= Sari Squad =

The Sari Squad refers to a group of women which were largely of South Asian descent who fought against racist attacks and anti-immigration policies in London, England in the early 1980s.

==History==

The name "sari" refers to the well-known South Asian female garment. British media used the appellation "Sari Squad" to denote the group of activists. Most members were South Asian women who would resist and confront racist attacks against immigrants and foreigners in Britain. British Jamaican writer, dub poet and Rastafarian Benjamin Zephaniah described the group of women as

experts in various martial arts and ready and willing to take on any racists who would try to spoil our fun. They fought with style, and would usually burst into song after seeing off any attackers.

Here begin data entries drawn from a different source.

lemma tendsto_x0_over_y:
  assumes "0 < H" "H < 1"
  shows "((\<lambda>y. x0 C H L y / y) \<longlongrightarrow> (H + 1 + sqrt (Dg H)) / (2*H)) at_top"
proof -
  define k where "k = C^2 + 1"
  define c1 where "c1 = C * L * (1 - H) / (H * k)"
  define c2 where "c2 = L^2 * (k - H) / (H * k^2)"
  have inv_y: "((\<lambda>y::real. 1 / y) \<longlongrightarrow> 0) at_top"
    using tendsto_inverse_0_at_top[OF filterlim_ident] by (simp add: divide_inverse)
  have "((\<lambda>y. (H+1)/(2*H) + C*L/k * (1/y) + sqrt (Dg H/(4*H^2) + c1 * (1/y) + c2 * (1/y)^2))
      \<longlongrightarrow> (H+1)/(2*H) + C*L/k * 0 + sqrt (Dg H/(4*H^2) + c1 * 0 + c2 * 0^2)) at_top"
    by (intro tendsto_intros inv_y)
  moreover have "(H+1)/(2*H) + C*L/k * 0 + sqrt (Dg H/(4*H^2) + c1 * 0 + c2 * 0^2)
      = (H + 1 + sqrt (Dg H)) / (2*H)"
    using assms by (simp add: real_sqrt_divide real_sqrt_mult add_divide_distrib)
  moreover have "eventually (\<lambda>y. (H+1)/(2*H) + C*L/k * (1/y) + sqrt (Dg H/(4*H^2) + c1 * (1/y) + c2 * (1/y)^2)
      = x0 C H L y / y) at_top"
    using eventually_gt_at_top[of 0]
  proof eventually_elim
    case (elim y)
    have "sqrt (Dg H/(4*H^2) + c1 * (1/y) + c2 * (1/y)^2) = sqrt ((Dg H * y^2/(4*H^2) + c1 * y + c2) / y^2)"
      using elim by (simp add: field_simps power2_eq_square)
    also have "\<dots> = sqrt (Dg H * y^2/(4*H^2) + c1 * y + c2) / y"
      using elim by (simp add: real_sqrt_divide)
    finally show ?case
      unfolding x0_def Let_def k_def[symmetric] c1_def c2_def using elim by (simp add: add_divide_distrib)
  qed
  ultimately show ?thesis using Lim_transform_eventually by fastforce
qed

lemma tendsto_y_over_x0:
  assumes "0 < H" "H < 1"
  shows "((\<lambda>y. y / x0 C H L y) \<longlongrightarrow> mG H) at_top"
proof -
  have "(H + 1 + sqrt (Dg H)) / (2*H) \<noteq> 0"
    using assms H_plus_sqrt_Dg_pos[OF assms] by simp
  then have "((\<lambda>y. inverse (x0 C H L y / y)) \<longlongrightarrow> inverse ((H + 1 + sqrt (Dg H)) / (2*H))) at_top"
    by (rule tendsto_inverse[OF tendsto_x0_over_y[OF assms]])
  then show ?thesis by (simp add: mG_def add_ac)
qed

In April 1984, the Sari Squad actively supported a young Bangladeshi widow, Afia Begum, and her child who were being deported by raising public awareness of the case and taking it to the European Commission of Human Rights. In the same year, and before the commission could rule, the UK Government arrested Afia in a dawn raid and summarily deported her.

Her deportation was described by the European Parliament as "callous and showing the racist and sexist nature of the United Kingdom immigration laws." The Sari Squad was afterwards praised in the House of Commons by Harry Cohen MP, and criticised by Home Secretary David Waddington.

In the 21st century, groups of activist women have been called by the media "Sari Squads," such as the Bangladeshi villagers who are protecting the Chunati Wildlife Sanctuary.

==Popular culture==
Sari Squad were featured during the "HerStory" video tribute to notable women on U2's tour in 2017 for the 30th anniversary of The Joshua Tree during a performance of "Ultraviolet (Light My Way)" from the band's 1991 album Achtung Baby.